Она повела глазами вокруг, по деревьям, по траве, потом остановила их на нем, улыбнулась и подала ему руку.
— Разве мне не будет больно ужо, когда вы будете уходить? — прибавила она. — Разве я не стану торопиться поскорей лечь спать, чтоб заснуть и не видать скучной ночи? Разве завтра не пошлю к вам утром. Разве…
С каждым «разве» лицо Обломова все расцветало, взгляд наполнялся лучами.
— Да, да, — повторил он, — я тоже жду утра, и мне скучна ночь, и я завтра пошлю к вам не за делом, а чтоб только произнести лишний раз и услыхать, как раздастся ваше имя, узнать от людей какую-нибудь подробность о вас, позавидовать, что они уж вас видели… Мы думаем, ждем, живем и надеемся одинаково. Простите, Ольга, мои сомнения: я убеждаюсь, что вы любите меня, как не любили ни отца, ни тетку, ни…
— Ни собачонку, — сказала она и засмеялась.

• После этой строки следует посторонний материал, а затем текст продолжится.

(* Let $A/B\ne 1/0$ be a convergent of $\theta$, and let $[c_0;c_1,\dots,c_m]$ be any finite continued fraction expansion of the rational number $A/B$ (with $c_0\ge1$ and $c_i\ge1$). Then $\lambda(|A-B\theta|)=c_0+c_1+\cdots+c_m$. Also $\lambda(|1-0\cdot\theta|)=0$.
   Context: Fix an irrational $\theta$ with $1<\theta<2$. Let $S(\theta)=\{i+j\theta : i,j\in\mathbb{N}_0\}$ and let $s_0<s_1<s_2<\cdots$ be its elements in increasing order. Put $\delta(n)=s_{n+1}-s_n$. Let $\lambda$ be the map from the set of values $\{\delta(n):n\ge0\}$ to $\mathbb{N}_0$ that numbers the distinct values in order of first occurrence: $\lambda(\delta(0))=0$, and the $m$-th distinct value to appear in the sequence $\delta(0),\delta(1),\dots$ (counting from $m=0$) receives label $m$. Write $\theta=[t_0;t_1,t_2,\dots]$ (so $t_0=1$) and define $a_{-2}=0,b_{-2}=1,a_{-1}=1,b_{-1}=0$, $a_k=t_ka_{k-1}+a_{k-2}$, $b_k=t_kb_{k-1}+b_{k-2}$ for $k\ge0$. The convergents of $\theta$ are the fraction $1/0$ together with all fractions $\frac{t a_k+a_{k-1}}{t b_k+b_{k-1}}$ with $k\ge -1$ and $1\le t\le t_{k+1}$. For every convergent $A/B$, the number $|A-B\theta|$ is one of the values $\delta(n)$. *)

theory Defs
  imports Complex_Main
begin

definition S_set :: "real \<Rightarrow> real set" where
  "S_set \<theta> = {real i + real j * \<theta> | i j :: nat. True}"

definition s_seq :: "real \<Rightarrow> nat \<Rightarrow> real" where
  "s_seq \<theta> n = (THE x. x \<in> S_set \<theta> \<and> card {y \<in> S_set \<theta>. y < x} = n)"

definition delta :: "real \<Rightarrow> nat \<Rightarrow> real" where
  "delta \<theta> n = s_seq \<theta> (Suc n) - s_seq \<theta> n"

definition lam :: "real \<Rightarrow> real \<Rightarrow> nat" where
  "lam \<theta> d = card (delta \<theta> ` {..< (LEAST k. delta \<theta> k = d)})"

fun cf_rem :: "real \<Rightarrow> nat \<Rightarrow> real" where
  "cf_rem \<theta> 0 = \<theta>"
| "cf_rem \<theta> (Suc k) = 1 / (cf_rem \<theta> k - of_int \<lfloor>cf_rem \<theta> k\<rfloor>)"

definition cf_t :: "real \<Rightarrow> nat \<Rightarrow> int" where
  "cf_t \<theta> k = \<lfloor>cf_rem \<theta> k\<rfloor>"

text \<open>Shifted indices: cf_a theta (k+2) = a_k, so cf_a theta 0 = a_{-2}, cf_a theta 1 = a_{-1}.\<close>
fun cf_a :: "real \<Rightarrow> nat \<Rightarrow> int" where
  "cf_a \<theta> 0 = 0"
| "cf_a \<theta> (Suc 0) = 1"
| "cf_a \<theta> (Suc (Suc k)) = cf_t \<theta> k * cf_a \<theta> (Suc k) + cf_a \<theta> k"

fun cf_b :: "real \<Rightarrow> nat \<Rightarrow> int" where
  "cf_b \<theta> 0 = 1"
| "cf_b \<theta> (Suc 0) = 0"
| "cf_b \<theta> (Suc (Suc k)) = cf_t \<theta> k * cf_b \<theta> (Suc k) + cf_b \<theta> k"

text \<open>(A,B) is a convergent: either 1/0, or (t a_k + a_{k-1})/(t b_k + b_{k-1})
  with k >= -1 and 1 <= t <= t_{k+1}.  Here j = k+1.\<close>
definition is_convergent :: "real \<Rightarrow> int \<Rightarrow> int \<Rightarrow> bool" where
  "is_convergent \<theta> A B \<longleftrightarrow> (A = 1 \<and> B = 0) \<or>
     (\<exists>j t. 1 \<le> t \<and> t \<le> cf_t \<theta> j \<and>
        A = t * cf_a \<theta> (Suc j) + cf_a \<theta> j \<and>
        B = t * cf_b \<theta> (Suc j) + cf_b \<theta> j)"

fun cf_val :: "nat list \<Rightarrow> real" where
  "cf_val [] = 0"
| "cf_val [c] = real c"
| "cf_val (c # d # cs) = real c + 1 / cf_val (d # cs)"

end

(*
  The gaps of S(theta) are read off the Stern-Brocot descent towards theta, which keeps
  fractions a/b < theta < c/d with bc - ad = 1 and replaces the one with the larger error by
  the mediant. Each fraction of the pair is a best approximation on its side, so the successor
  of i + j theta in S(theta) is obtained by adding c - d theta or subtracting b theta - a for
  the pair whose denominators straddle j, resp. whose numerators straddle i. Hence every gap
  is |p - q theta| for a fraction p/q produced by the descent, the fraction produced at step m
  first appears as a gap at min p (q theta), and these points increase with m: the label of
  |p - q theta| is m. The descent spends t_k steps adding the k-th convergent to the
  intermediate fractions, so the fraction (t a_k + a_(k-1))/(t b_k + b_(k-1)) is produced at
  step t_0 + ... + t_k + t, the digit sum of its expansion [t_0; t_1, ..., t_k, t]; and the
  digit sum of a finite continued fraction does not depend on the chosen expansion.
*)

theory Submission
  imports Defs "HOL-Library.Product_Plus"
begin

section \<open>Finite continued fractions\<close>

definition cf_digits :: "nat list \<Rightarrow> bool" where
  "cf_digits cs \<longleftrightarrow> cs \<noteq> [] \<and> (\<forall>c\<in>set cs. 1 \<le> c)"

lemma cf_val_Cons: "cs \<noteq> [] \<Longrightarrow> cf_val (c # cs) = real c + 1 / cf_val cs"
  by (cases cs) auto

lemma cf_val_gt_1:
  assumes "cf_digits cs" and "cs \<noteq> [1]"
  shows "cf_val cs > 1"
  using assms
proof (induction cs)
  case Nil
  then show ?case by (simp add: cf_digits_def)
next
  case (Cons c cs)
  show ?case
  proof (cases "cs = []")
    case True
    then show ?thesis using Cons.prems by (auto simp: cf_digits_def)
  next
    case False
    then have "cf_digits cs" using Cons.prems by (auto simp: cf_digits_def)
    then have "cf_val cs \<ge> 1" using Cons.IH by (cases "cs = [1]") auto
    moreover have "real c \<ge> 1" using Cons.prems by (auto simp: cf_digits_def)
    moreover have "1 / cf_val cs > 0" using \<open>cf_val cs \<ge> 1\<close> by simp
    ultimately show ?thesis using cf_val_Cons[OF False, of c] by linarith
  qed
qed

lemma cf_val_short_eq_sum_list:
  "cs = [] \<or> cs = [1] \<Longrightarrow> cf_val (c # cs) = real (sum_list (c # cs))"
  by auto

lemma cf_val_between:
  assumes "cf_digits (c # cs)" and "cs \<noteq> []" and "cs \<noteq> [1]"
  shows "cf_digits cs" "cf_val (c # cs) = real c + 1 / cf_val cs"
    "real c < cf_val (c # cs)" "cf_val (c # cs) < real c + 1"
proof -
  show digits: "cf_digits cs" using assms by (auto simp: cf_digits_def)
  show eq: "cf_val (c # cs) = real c + 1 / cf_val cs" using cf_val_Cons[OF assms(2)] .
  have "cf_val cs > 1" using cf_val_gt_1[OF digits assms(3)] .
  then show "real c < cf_val (c # cs)" "cf_val (c # cs) < real c + 1"
    unfolding eq by auto
qed

text \<open>Apart from [\<dots>, c, 1] = [\<dots>, c + 1], which preserves the digit sum, expansions are
  unique.\<close>
lemma cf_val_eq_imp_sum_list_eq:
  assumes "cf_digits cs" and "cf_digits cs'" and "cf_val cs = cf_val cs'"
  shows "sum_list cs = sum_list cs'"
  using assms
proof (induction cs arbitrary: cs')
  case Nil
  then show ?case by (simp add: cf_digits_def)
next
  case (Cons c r)
  obtain c' r' where cs': "cs' = c' # r'"
    using Cons.prems(2) by (cases cs') (auto simp: cf_digits_def)
  have same: "cf_val (c # r) = cf_val (c' # r')" using Cons.prems(3) cs' by simp
  have not_integral: "cf_val (d # l) \<noteq> real n"
    if "cf_digits (d # l)" "\<not> (l = [] \<or> l = [1])" for d l and n :: nat
  proof
    assume "cf_val (d # l) = real n"
    then have "real d < real n" "real n < real d + 1"
      using cf_val_between[OF that(1)] that(2) by auto
    then have "d < n" "n < d + 1" by linarith+
    then show False by simp
  qed
  show ?case
  proof (cases "r = [] \<or> r = [1]"; cases "r' = [] \<or> r' = [1]")
    assume "r = [] \<or> r = [1]" and "r' = [] \<or> r' = [1]"
    then show ?thesis
      using same cs' cf_val_short_eq_sum_list[of r c] cf_val_short_eq_sum_list[of r' c'] by simp
  next
    assume "r = [] \<or> r = [1]" and "\<not> (r' = [] \<or> r' = [1])"
    then have False
      using same cf_val_short_eq_sum_list[of r c] not_integral[of c' r' "sum_list (c # r)"]
        Cons.prems(2) cs' by simp
    then show ?thesis ..
  next
    assume "\<not> (r = [] \<or> r = [1])" and "r' = [] \<or> r' = [1]"
    then have False
      using same cf_val_short_eq_sum_list[of r' c'] not_integral[of c r "sum_list (c' # r')"]
        Cons.prems(1) by simp
    then show ?thesis ..
  next
    assume "\<not> (r = [] \<or> r = [1])" and "\<not> (r' = [] \<or> r' = [1])"
    then have "r \<noteq> []" "r \<noteq> [1]" "r' \<noteq> []" "r' \<noteq> [1]" by auto
    note A = cf_val_between[OF Cons.prems(1) \<open>r \<noteq> []\<close> \<open>r \<noteq> [1]\<close>]
    note B = cf_val_between[OF Cons.prems(2)[unfolded cs'] \<open>r' \<noteq> []\<close> \<open>r' \<noteq> [1]\<close>]
    have "real c < real c' + 1" "real c' < real c + 1" using A(3,4) B(3,4) same by linarith+
    then have "c = c'" by linarith
    then have "1 / cf_val r = 1 / cf_val r'" using A(2) B(2) same by linarith
    then have "cf_val r = cf_val r'" by simp
    then show ?thesis using Cons.IH[OF A(1) B(1)] \<open>c = c'\<close> cs' by simp
  qed
qed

— Верьте же мне, — заключила она, — как я вам верю, и не сомневайтесь, не тревожьте пустыми сомнениями этого счастья, а то оно улетит. Что я раз назвала своим, того уже не отдам назад, разве отнимут. Я это знаю, нужды нет, что я молода, но… Знаете ли, — сказала она с уверенностью в голосе, — в месяц, с тех пор, как знаю вас, я много передумала и испытала, как будто прочла большую книгу, так, про себя, понемногу… Не сомневайтесь же…
— Не могу не сомневаться, — перебил он, — не требуйте этого. Теперь, при вас, я уверен во всем: ваш взгляд, голос, все говорит. Вы смотрите на меня, как будто говорите: мне слов не надо, я умею читать ваши взгляды. Но когда вас нет, начинается такая мучительная игра в сомнения, в вопросы, и мне опять надо бежать к вам, опять взглянуть на вас, без этого я не верю. Что это?
— А я верю вам: отчего же? — спросила она.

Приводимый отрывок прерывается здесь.